## DESCRIPTION OF THE TASK
Take the listing below and print exactly the lines starting at the line containing "(a * e (ginv" and ending at the line containing "(\<forall>y\<in>objs G. \<forall>z\<in>objs", both ends included, and no others.

## PROVIDED INFORMATION

(* Let $\mathcal G$ be a finite connected groupoid and $\alpha=(S_g,\alpha_g)_{g\in\mathcal G}$ a unital group-type partial action of $\mathcal G$ on a commutative ring $S=\bigoplus_{y\in\mathcal G_0}S_y$, with $S_g=S1_g$ and $1_g\neq0$ for all $g$. Suppose $S$ is an $\alpha$-partial Galois extension of $R=S^{\alpha_{\mathcal G}}$. Let $\mathcal H\in\mathrm{wSub}_\alpha(\mathcal G)$ and $T=S^{\alpha_{\mathcal H}}$. Then (i) $T$ is $R$-separable and $\alpha$-strong, and (ii) $\mathcal G_T=\mathcal H$.
   Context: A groupoid is a small category with all morphisms invertible; $\mathcal G_0$ is its object set (identified with identity morphisms), $s(g),t(g)$ source and target, $\mathcal G(x,y)=\{g:s(g)=x,t(g)=y\}$, $\mathcal G(x)=\mathcal G(x,x)$; $gh$ defined iff $s(g)=t(h)$; connected means all $\mathcal G(x,y)\ne\emptyset$; connected components are full subgroupoids on classes of $x\sim y\iff\mathcal G(x,y)\neq\emptyset$; wide means containing all objects. A partial action $\alpha=(S_g,\alpha_g)_{g\in\mathcal G}$ on a ring $S$: for each $g$, $S_{t(g)}$ is an ideal of $S$, $S_g$ an ideal of $S_{t(g)}$, $\alpha_g:S_{g^{-1}}\to S_g$ a ring isomorphism; $\alpha_x=\mathrm{id}_{S_x}$; for composable $(g,h)$, $\alpha_h^{-1}(S_{g^{-1}}\cap S_h)\subseteq S_{(gh)^{-1}}$ and $\alpha_g\alpha_h(a)=\alpha_{gh}(a)$ there. Unital: $S_g=S1_g$, $1_g$ central idempotent. A partial action of a connected groupoid $\mathcal K$ on $A=\bigoplus_{y\in\mathcal K_0}A_y$ is group-type if there are $x\in\mathcal K_0$ and $\tau_y\in\mathcal K(x,y)$ ($\tau_x=x$) with $A_{\tau_y^{-1}}=A_x$, $A_{\tau_y}=A_y$ for all $y$; for non-connected $\mathcal K$, if each restriction to a connected component is group-type. For a subgroupoid $\mathcal H$, $\alpha_{\mathcal H}=(S_h,\alpha_h)_{h\in\mathcal H}$ acts on $\bigoplus_{z\in\mathcal H_0}S_z$; $\mathrm{wSub}_\alpha(\mathcal G)$ is the set of wide subgroupoids $\mathcal H$ with $\alpha_{\mathcal H}$ group-type. $S^{\alpha_{\mathcal K}}=\{a\in S:\alpha_k(a1_{k^{-1}})=a1_k\ \forall k\in\mathcal K\}$. $S$ is an $\alpha$-partial Galois extension of $R=S^{\alpha_{\mathcal G}}$ if there exist $m\ge1$, $a_i,b_i\in S$ with $\sum_{i=1}^m a_i\alpha_g(b_i1_{g^{-1}})=\delta_{z,g}1_z$ for all $z\in\mathcal G_0$, $g\in\mathcal G$ (i.e. $1_g$ if $g\in\mathcal G_0$, $0$ otherwise). For a subring $T$, $\mathcal G_T=\{g\in\mathcal G:\alpha_g(t1_{g^{-1}})=t1_g\ \forall t\in T\}$ and $\mathcal G(y)_{B}$ is defined likewise inside $\mathcal G(y)$ for $B\subseteq S_y$. $T$ is $R$-separable if the unital extension $R\subseteq T$ is separable (the multiplication $T\otimes_RT\to T$ splits as $T$-bimodules). For $y\in\mathcal G_0$, $T_y=T1_y$ is $\alpha_{\mathcal G(y,z)}$-strong if for any $g,h\in\mathcal G(y,z)$ with $g^{-1}h\notin\mathcal G(y)_{T_y}$ and any non-zero idempotent $e\in S_g\cup S_h$ there is $t_y\in T_y$ with $\alpha_g(t_y1_{g^{-1}})e\ne\alpha_h(t_y1_{h^{-1}})e$; $T$ is $\alpha$-strong if $T_y$ is $\alpha_{\mathcal G(y,z)}$-strong for all $y,z$. *)

theory Defs
  imports Main "HOL-Library.Poly_Mapping"
begin

section \<open>Groupoids (objects identified with identity morphisms)\<close>

record 'g groupoid =
  mor  :: "'g set"
  src  :: "'g \<Rightarrow> 'g"
  tgt  :: "'g \<Rightarrow> 'g"
  cmp  :: "'g \<Rightarrow> 'g \<Rightarrow> 'g"   (* cmp G g h = g h, defined iff src g = tgt h *)
  ginv :: "'g \<Rightarrow> 'g"

definition objs :: "('g, 'm) groupoid_scheme \<Rightarrow> 'g set" where
  "objs G = {x \<in> mor G. src G x = x}"

definition hom :: "('g, 'm) groupoid_scheme \<Rightarrow> 'g \<Rightarrow> 'g \<Rightarrow> 'g set" where
  "hom G x y = {g \<in> mor G. src G g = x \<and> tgt G g = y}"

definition groupoid :: "('g, 'm) groupoid_scheme \<Rightarrow> bool" where
  "groupoid G \<longleftrightarrow>
    (\<forall>g\<in>mor G. src G g \<in> mor G \<and> tgt G g \<in> mor G \<and>
        src G (src G g) = src G g \<and> tgt G (src G g) = src G g \<and>
        src G (tgt G g) = tgt G g \<and> tgt G (tgt G g) = tgt G g) \<and>
    (\<forall>g\<in>mor G. \<forall>h\<in>mor G. src G g = tgt G h \<longrightarrow>
        cmp G g h \<in> mor G \<and> src G (cmp G g h) = src G h \<and> tgt G (cmp G g h) = tgt G g) \<and>
    (\<forall>f\<in>mor G. \<forall>g\<in>mor G. \<forall>h\<in>mor G. src G f = tgt G g \<and> src G g = tgt G h \<longrightarrow>
        cmp G f (cmp G g h) = cmp G (cmp G f g) h) \<and>
    (\<forall>g\<in>mor G. cmp G (tgt G g) g = g \<and> cmp G g (src G g) = g) \<and>
    (\<forall>g\<in>mor G. ginv G g \<in> mor G \<and> src G (ginv G g) = tgt G g \<and> tgt G (ginv G g) = src G g \<and>
        cmp G (ginv G g) g = src G g \<and> cmp G g (ginv G g) = tgt G g)"

definition connected_groupoid :: "('g, 'm) groupoid_scheme \<Rightarrow> bool" where
  "connected_groupoid G \<longleftrightarrow> (\<forall>x\<in>objs G. \<forall>y\<in>objs G. hom G x y \<noteq> {})"

definition subgroupoid :: "'g set \<Rightarrow> ('g, 'm) groupoid_scheme \<Rightarrow> bool" where
  "subgroupoid H G \<longleftrightarrow> H \<subseteq> mor G \<and>
    (\<forall>h\<in>H. src G h \<in> H \<and> tgt G h \<in> H \<and> ginv G h \<in> H) \<and>
    (\<forall>h\<in>H. \<forall>k\<in>H. src G h = tgt G k \<longrightarrow> cmp G h k \<in> H)"

definition wide :: "'g set \<Rightarrow> ('g, 'm) groupoid_scheme \<Rightarrow> bool" where
  "wide H G \<longleftrightarrow> objs G \<subseteq> H"

text \<open>The ideal S_g = S 1_g, where e g is the idempotent 1_g.\<close>
definition Sid :: "('g \<Rightarrow> 'a::comm_ring_1) \<Rightarrow> 'g \<Rightarrow> 'a set" where
  "Sid e g = {a * e g | a. True}"

definition unital_partial_action ::
  "('g, 'm) groupoid_scheme \<Rightarrow> ('g \<Rightarrow> 'a::comm_ring_1) \<Rightarrow> ('g \<Rightarrow> 'a \<Rightarrow> 'a) \<Rightarrow> bool" where
  "unital_partial_action G e \<alpha> \<longleftrightarrow>
    (\<forall>g\<in>mor G. e g * e g = e g \<and> e g * e (tgt G g) = e g \<and>
       bij_betw (\<alpha> g) (Sid e (ginv G g)) (Sid e g) \<and>
       (\<forall>a\<in>Sid e (ginv G g). \<forall>b\<in>Sid e (ginv G g).
          \<alpha> g (a + b) = \<alpha> g a + \<alpha> g b \<and> \<alpha> g (a * b) = \<alpha> g a * \<alpha> g b)) \<and>
    (\<forall>x\<in>objs G. \<forall>a\<in>Sid e x. \<alpha> x a = a) \<and>
    (\<forall>g\<in>mor G. \<forall>h\<in>mor G. src G g = tgt G h \<longrightarrow>
       (\<forall>a\<in>Sid e (ginv G h). \<alpha> h a \<in> Sid e (ginv G g) \<inter> Sid e h \<longrightarrow>
          a \<in> Sid e (ginv G (cmp G g h)) \<and> \<alpha> g (\<alpha> h a) = \<alpha> (cmp G g h) a))"

text \<open>S is the direct sum of the ideals S_y, y an object.\<close>
definition direct_sum_objs :: "('g, 'm) groupoid_scheme \<Rightarrow> ('g \<Rightarrow> 'a::comm_ring_1) \<Rightarrow> bool" where
  "direct_sum_objs G e \<longleftrightarrow>
    (\<forall>x\<in>objs G. \<forall>y\<in>objs G. x \<noteq> y \<longrightarrow> e x * e y = 0) \<and> (\<Sum>y\<in>objs G. e y) = 1"

text \<open>Group-type of the restriction of the action to the subgroupoid with morphism set H:
  the restriction to every connected component of H is group-type.\<close>
definition group_type :: "('g, 'm) groupoid_scheme \<Rightarrow> ('g \<Rightarrow> 'a::comm_ring_1) \<Rightarrow> 'g set \<Rightarrow> bool" where
  "group_type G e H \<longleftrightarrow>
    (\<forall>x0\<in>{x \<in> H. src G x = x}.
       let C = {y. \<exists>h\<in>H. src G h = x0 \<and> tgt G h = y} in
       \<exists>x\<in>C. \<exists>\<tau>. \<tau> x = x \<and>
         (\<forall>y\<in>C. \<tau> y \<in> H \<and> src G (\<tau> y) = x \<and> tgt G (\<tau> y) = y \<and>
                 Sid e (ginv G (\<tau> y)) = Sid e x \<and> Sid e (\<tau> y) = Sid e y))"

definition wSub :: "('g, 'm) groupoid_scheme \<Rightarrow> ('g \<Rightarrow> 'a::comm_ring_1) \<Rightarrow> 'g set set" where
  "wSub G e = {H. subgroupoid H G \<and> wide H G \<and> group_type G e H}"

definition fixring :: "('g, 'm) groupoid_scheme \<Rightarrow> ('g \<Rightarrow> 'a::comm_ring_1) \<Rightarrow> ('g \<Rightarrow> 'a \<Rightarrow> 'a) \<Rightarrow> 'g set \<Rightarrow> 'a set" where
  "fixring G e \<alpha> K = {a. \<forall>k\<in>K. \<alpha> k (a * e (ginv G k)) = a * e k}"

text \<open>Elements of K fixing every element of B (gives G_T and G(y)_B).\<close>
definition fixing :: "('g, 'm) groupoid_scheme \<Rightarrow> ('g \<Rightarrow> 'a::comm_ring_1) \<Rightarrow> ('g \<Rightarrow> 'a \<Rightarrow> 'a) \<Rightarrow> 'g set \<Rightarrow> 'a set \<Rightarrow> 'g set" where
  "fixing G e \<alpha> K B = {k \<in> K. \<forall>b\<in>B. \<alpha> k (b * e (ginv G k)) = b * e k}"

definition partial_galois :: "('g, 'm) groupoid_scheme \<Rightarrow> ('g \<Rightarrow> 'a::comm_ring_1) \<Rightarrow> ('g \<Rightarrow> 'a \<Rightarrow> 'a) \<Rightarrow> bool" where
  "partial_galois G e \<alpha> \<longleftrightarrow>
    (\<exists>m::nat. m \<ge> 1 \<and> (\<exists>a b :: nat \<Rightarrow> 'a. \<forall>g\<in>mor G.
       (\<Sum>i<m. a i * \<alpha> g (b i * e (ginv G g))) = (if g \<in> objs G then e g else 0)))"

definition alpha_strong :: "('g, 'm) groupoid_scheme \<Rightarrow> ('g \<Rightarrow> 'a::comm_ring_1) \<Rightarrow> ('g \<Rightarrow> 'a \<Rightarrow> 'a) \<Rightarrow> 'a set \<Rightarrow> bool" where
  "alpha_strong G e \<alpha> T \<longleftrightarrow>
    (\<forall>y\<in>objs G. \<forall>z\<in>objs G. \<forall>g\<in>hom G y z. \<forall>h\<in>hom G y z.
       cmp G (ginv G g) h \<notin> fixing G e \<alpha> (hom G y y) {t * e y | t. t \<in> T} \<longrightarrow>
       (\<forall>\<epsilon>. \<epsilon> * \<epsilon> = \<epsilon> \<and> \<epsilon> \<noteq> 0 \<and> \<epsilon> \<in> Sid e g \<union> Sid e h \<longrightarrow>
          (\<exists>ty\<in>{t * e y | t. t \<in> T}.
             \<alpha> g (ty * e (ginv G g)) * \<epsilon> \<noteq> \<alpha> h (ty * e (ginv G h)) * \<epsilon>)))"

text \<open>Free abelian group on pairs; T \<otimes>_R T is its quotient (restricted to T \<times> T)
  by the subgroup generated by the bilinearity / balancing relations.\<close>
type_synonym 'a ftens = "('a \<times> 'a) \<Rightarrow>\<^sub>0 int"

inductive_set tens_zero :: "'a::comm_ring_1 set \<Rightarrow> 'a set \<Rightarrow> 'a ftens set" for R T where
  tz0: "0 \<in> tens_zero R T"
| tzl: "x \<in> T \<Longrightarrow> x' \<in> T \<Longrightarrow> y \<in> T \<Longrightarrow>
     Poly_Mapping.single (x + x', y) 1 - Poly_Mapping.single (x, y) 1 - Poly_Mapping.single (x', y) 1
       \<in> tens_zero R T"
| tzr: "x \<in> T \<Longrightarrow> y \<in> T \<Longrightarrow> y' \<in> T \<Longrightarrow>
     Poly_Mapping.single (x, y + y') 1 - Poly_Mapping.single (x, y) 1 - Poly_Mapping.single (x, y') 1
       \<in> tens_zero R T"
| tzb: "r \<in> R \<Longrightarrow> x \<in> T \<Longrightarrow> y \<in> T \<Longrightarrow>
     Poly_Mapping.single (r * x, y) 1 - Poly_Mapping.single (x, r * y) 1 \<in> tens_zero R T"
| tzd: "u \<in> tens_zero R T \<Longrightarrow> v \<in> tens_zero R T \<Longrightarrow> u - v \<in> tens_zero R T"

definition tens_eq :: "'a::comm_ring_1 set \<Rightarrow> 'a set \<Rightarrow> 'a ftens \<Rightarrow> 'a ftens \<Rightarrow> bool" where
  "tens_eq R T u v \<longleftrightarrow> u - v \<in> tens_zero R T"

definition tens_mult :: "'a::comm_ring_1 ftens \<Rightarrow> 'a" where
  "tens_mult f = (\<Sum>p\<in>Poly_Mapping.keys f. of_int (Poly_Mapping.lookup f p) * (fst p * snd p))"

definition tens_lact :: "'a::comm_ring_1 \<Rightarrow> 'a ftens \<Rightarrow> 'a ftens" where
  "tens_lact t f = (\<Sum>p\<in>Poly_Mapping.keys f. Poly_Mapping.single (t * fst p, snd p) (Poly_Mapping.lookup f p))"

definition tens_ract :: "'a::comm_ring_1 ftens \<Rightarrow> 'a \<Rightarrow> 'a ftens" where
  "tens_ract f t = (\<Sum>p\<in>Poly_Mapping.keys f. Poly_Mapping.single (fst p, snd p * t) (Poly_Mapping.lookup f p))"

definition subring_of :: "'a::comm_ring_1 set \<Rightarrow> bool" where
  "subring_of T \<longleftrightarrow> 1 \<in> T \<and> (\<forall>x\<in>T. \<forall>y\<in>T. x + y \<in> T \<and> x * y \<in> T \<and> - x \<in> T)"

text \<open>T is R-separable: R \<subseteq> T unital subrings and the multiplication map
  T \<otimes>_R T \<rightarrow> T has a T-bimodule section sigma.\<close>
definition separable_over :: "'a::comm_ring_1 set \<Rightarrow> 'a set \<Rightarrow> bool" where
  "separable_over R T \<longleftrightarrow> subring_of R \<and> subring_of T \<and> R \<subseteq> T \<and>
    (\<exists>\<sigma> :: 'a \<Rightarrow> 'a ftens. \<forall>t\<in>T.
       Poly_Mapping.keys (\<sigma> t) \<subseteq> T \<times> T \<and> tens_mult (\<sigma> t) = t \<and>
       (\<forall>u\<in>T. tens_eq R T (\<sigma> (t + u)) (\<sigma> t + \<sigma> u) \<and>
               tens_eq R T (\<sigma> (t * u)) (tens_lact t (\<sigma> u)) \<and>
               tens_eq R T (\<sigma> (t * u)) (tens_ract (\<sigma> t) u)))"

end

theory Submission
  imports Defs
begin

text \<open>Write act g s for alpha_g(s 1_{g^-1}) and tr_K s for the sum of act k s over k in K,
  which is fixed by K. The Galois coordinates give the orthogonality relations
  sum_i act l (x_i) act k (y_i) = (if l = k then 1_l else 0), hence s = sum_i x_i tr_K(y_i s)
  for every wide subgroupoid K, and in particular 1 = sum_i x_i tr_H(y_i). Applying a morphism
  outside H to this identity, orthogonality kills every term; this gives both G_T = H and the
  strongness of T. A determinant-trick argument shows that tr_H maps onto T, say tr_H c = 1;
  then sum_i tr_H(c x_i) \<otimes> tr_H(y_i) is a separability idempotent of T over R, the dual
  coordinates t \<mapsto> tr_G(y_j t) taking values in R.\<close>

locale groupoid_struct =
  fixes G :: "('g, 'm) groupoid_scheme"
  assumes is_groupoid: "groupoid G"
begin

## RESULT
  "fixring G e \<alpha> K = {a. \<forall>k\<in>K. \<alpha> k (a * e (ginv G k)) = a * e k}"

text \<open>Elements of K fixing every element of B (gives G_T and G(y)_B).\<close>
definition fixing :: "('g, 'm) groupoid_scheme \<Rightarrow> ('g \<Rightarrow> 'a::comm_ring_1) \<Rightarrow> ('g \<Rightarrow> 'a \<Rightarrow> 'a) \<Rightarrow> 'g set \<Rightarrow> 'a set \<Rightarrow> 'g set" where
  "fixing G e \<alpha> K B = {k \<in> K. \<forall>b\<in>B. \<alpha> k (b * e (ginv G k)) = b * e k}"

definition partial_galois :: "('g, 'm) groupoid_scheme \<Rightarrow> ('g \<Rightarrow> 'a::comm_ring_1) \<Rightarrow> ('g \<Rightarrow> 'a \<Rightarrow> 'a) \<Rightarrow> bool" where
  "partial_galois G e \<alpha> \<longleftrightarrow>
    (\<exists>m::nat. m \<ge> 1 \<and> (\<exists>a b :: nat \<Rightarrow> 'a. \<forall>g\<in>mor G.
       (\<Sum>i<m. a i * \<alpha> g (b i * e (ginv G g))) = (if g \<in> objs G then e g else 0)))"

definition alpha_strong :: "('g, 'm) groupoid_scheme \<Rightarrow> ('g \<Rightarrow> 'a::comm_ring_1) \<Rightarrow> ('g \<Rightarrow> 'a \<Rightarrow> 'a) \<Rightarrow> 'a set \<Rightarrow> bool" where
  "alpha_strong G e \<alpha> T \<longleftrightarrow>
    (\<forall>y\<in>objs G. \<forall>z\<in>objs G. \<forall>g\<in>hom G y z. \<forall>h\<in>hom G y z.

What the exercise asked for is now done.